De Me-262 van Messerschmitt en de Gloster Meteor van de Britten werden legendarisch. Wat straalmotoren ook meteen onderscheidde van die zuigermotoren was de kenmerkende hoge gier en bij vol gas geven gebrul uit de uitlaten. Door de jaren heen werd dat geluid niet minder, zeker niet bij militaire toestellen. Al in de eerste jaren vijftig waren de Britten trouwens al zover dat ze een eerste passagiersvliegtuig lieten vliegen, aangedreven door vier eigen straalmotoren. De De Havilland Comet was geboren.

Ze hadden daarmee een grote voorsprong op de rest, maar de Amerikanen en Russen haalden hen snel in. Straalbommenwerpers van de Amerikanen waren al in de eerste jaren vijftig strategisch van aard en konden niet alleen hoog en snel opereren maar ook ver. Een afgeleide versie van die straalmotoren was de Turboprop-motor waarbij een dergelijke motor weer werd gecombineerd met propellers.
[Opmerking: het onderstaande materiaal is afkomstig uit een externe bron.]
lemma chains_insert_arc:
  assumes "chains P N start" and fin: "finite P" and a: "\<forall>p\<in>P. a < p"
    and r: "r \<in> P" "r \<notin> Range N" and above: "\<forall>q\<in>Range N. r < q"
  defines "start' \<equiv> \<lambda>p. if p = a \<or> start p = r then a else start p"
  shows "chains (insert a P) (insert (a, r) N) start'"
    and "card {p\<in>insert a P. start' p = v} =
      (if v = a then Suc (card {p\<in>P. start p = r}) else if v = r then 0 else card {p\<in>P. start p = v})"
proof -
  interpret chains P N start by fact
  let ?N = "insert (a, r) N" and ?start = start'
  note start'_def [simp]
  have a_free: "a \<notin> Domain N" "a \<notin> Range N" using a arc_in by fastforce+
  have "nonnesting ?N"
  proof
    show "p < q" if "(p, q) \<in> ?N" for p q using that a r arc_less by auto
    show "q = q'" if "(p, q) \<in> ?N" "(p, q') \<in> ?N" for p q q'
      using that a_free arc_right_unique by auto
    show "q < q'" if "(p, q) \<in> ?N" "(p', q') \<in> ?N" "p < p'" for p q p' q'
      using that a arc_in above arc_mono by fastforce
  qed
  moreover have "?start p \<in> insert a P \<and> (?start p, p) \<in> ?N\<^sup>* \<and> ?start p \<notin> Range ?N"
    if p: "p \<in> insert a P" for p
  proof -
    have N_sub: "N\<^sup>* \<subseteq> ?N\<^sup>*" by (rule rtrancl_mono) blast
    consider "p = a" | "p \<in> P" "start p = r" | "p \<in> P" "p \<noteq> a" "start p \<noteq> r"
      using p by blast
    then show ?thesis
    proof cases
      case 2
      then have "(a, p) \<in> ?N\<^sup>*"
        using start_rtrancl N_sub by (metis converse_rtrancl_into_rtrancl insertI1 subsetD)
      then show ?thesis using 2 a_free r a by auto
    next
      case 3
      then show ?thesis using start[of p] N_sub by auto
    qed (use a_free r a in auto)
  qed
  ultimately show "chains (insert a P) ?N ?start"
    using arcs_subset r by (intro chains.intro chains_axioms.intro) auto
  have "{p\<in>insert a P. ?start p = v} =
      (if v = a then insert a {p\<in>P. start p = r} else if v = r then {} else {p\<in>P. start p = v})"
    using a r start_in by auto
  moreover have "finite {p\<in>P. start p = r}" using fin by simp
  moreover have "a \<notin> {p\<in>P. start p = r}" using a by auto
  ultimately show "card {p\<in>insert a P. ?start p = v} =
      (if v = a then Suc (card {p\<in>P. start p = r}) else if v = r then 0 else card {p\<in>P. start p = v})"
    by simp
qed

lemma exists_first_zero_multiplicity:
  fixes m :: "nat \<Rightarrow> nat"
  assumes fin: "finite P" and a: "\<forall>p\<in>P. a < p"
    and prefix: "\<forall>v\<in>insert a P. card {u\<in>insert a P. u \<le> v} \<le> (\<Sum>u\<in>{u\<in>insert a P. u \<le> v}. m u)"
    and total: "(\<Sum>u\<in>insert a P. m u) = card (insert a P)" and ma: "2 \<le> m a"
  obtains r where "r \<in> P" "m r = 0" "\<And>q. q \<in> P \<Longrightarrow> m q = 0 \<Longrightarrow> r \<le> q"
    "\<forall>v\<in>P. card {u\<in>P. u \<le> v} \<le> (\<Sum>u\<in>{u\<in>P. u \<le> v}. (m(r := m a - 1)) u)"
    "(\<Sum>u\<in>P. (m(r := m a - 1)) u) = card P"
proof -
  have a_notin: "a \<notin> P" using a by blast
  have "\<exists>r\<in>P. m r = 0"
  proof (rule ccontr)
    assume "\<not> (\<exists>r\<in>P. m r = 0)"
    then have "card P \<le> (\<Sum>u\<in>P. m u)" using sum_mono[of P "\<lambda>_. 1" m] by (simp add: Suc_le_eq)
    then show False using total fin a_notin ma by simp
  qed
  define r where "r = Min {u\<in>P. m u = 0}"
  have r: "r \<in> P" "m r = 0" "\<And>q. q \<in> P \<Longrightarrow> m q = 0 \<Longrightarrow> r \<le> q"
    using Min_in[of "{u\<in>P. m u = 0}"] \<open>\<exists>r\<in>P. m r = 0\<close> fin unfolding r_def by auto
  define m' where "m' = m(r := m a - 1)"
  have sum_m': "(\<Sum>u\<in>S. m' u) = (m a - 1) + (\<Sum>u\<in>S. m u)" if "finite S" "r \<in> S" for S
    using that r(2) sum.remove[of S r m'] sum.remove[of S r m]
    by (simp add: m'_def sum.cong[of "S - {r}" "S - {r}" "m(r := m a - 1)" m])
  have "card {u\<in>P. u \<le> v} \<le> (\<Sum>u\<in>{u\<in>P. u \<le> v}. m' u)" if v: "v \<in> P" for v
  proof (cases "v < r")
    case True
    then have "\<forall>u\<in>{u\<in>P. u \<le> v}. 1 \<le> m' u" using r(3) unfolding m'_def by fastforce
    then show ?thesis using sum_mono[of "{u\<in>P. u \<le> v}" "\<lambda>_. 1" m'] by simp
  next
    case False
    have "card {u\<in>insert a P. u \<le> v} \<le> (\<Sum>u\<in>{u\<in>insert a P. u \<le> v}. m u)"
      using prefix v by blast
    moreover have "{u\<in>insert a P. u \<le> v} = insert a {u\<in>P. u \<le> v}" using a v by auto
    ultimately have "Suc (card {u\<in>P. u \<le> v}) \<le> m a + (\<Sum>u\<in>{u\<in>P. u \<le> v}. m u)"
      using fin a_notin by simp
    then show ?thesis using sum_m'[of "{u\<in>P. u \<le> v}"] r(1) False fin by simp
  qed
  moreover have "(\<Sum>u\<in>P. m' u) = card P" using sum_m'[OF fin r(1)] total fin a_notin ma by simp
  ultimately show ?thesis using that r unfolding m'_def by blast
qed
Dat maakte die toch wat dorstige eerste jets efficienter en het geluid een stuk stiller. Voorbeelden de Vickers Viscount, de Fokker F27 Friendship en de Lockheed Electra. Het is duidelijk dat daarna alle grenzen werden gepasseerd. Straalmotoren zo groot als stevige bestelauto’s drijven onze moderne vliegtuigen aan, het geluidsniveau gaat per type naar beneden, net als het brandstofverbruik en de uitstoot van uitlaatgassen. Maar het aantal PK’s (uitgedrukt in Kilogram/stuwkracht) steeg ook steeds verder.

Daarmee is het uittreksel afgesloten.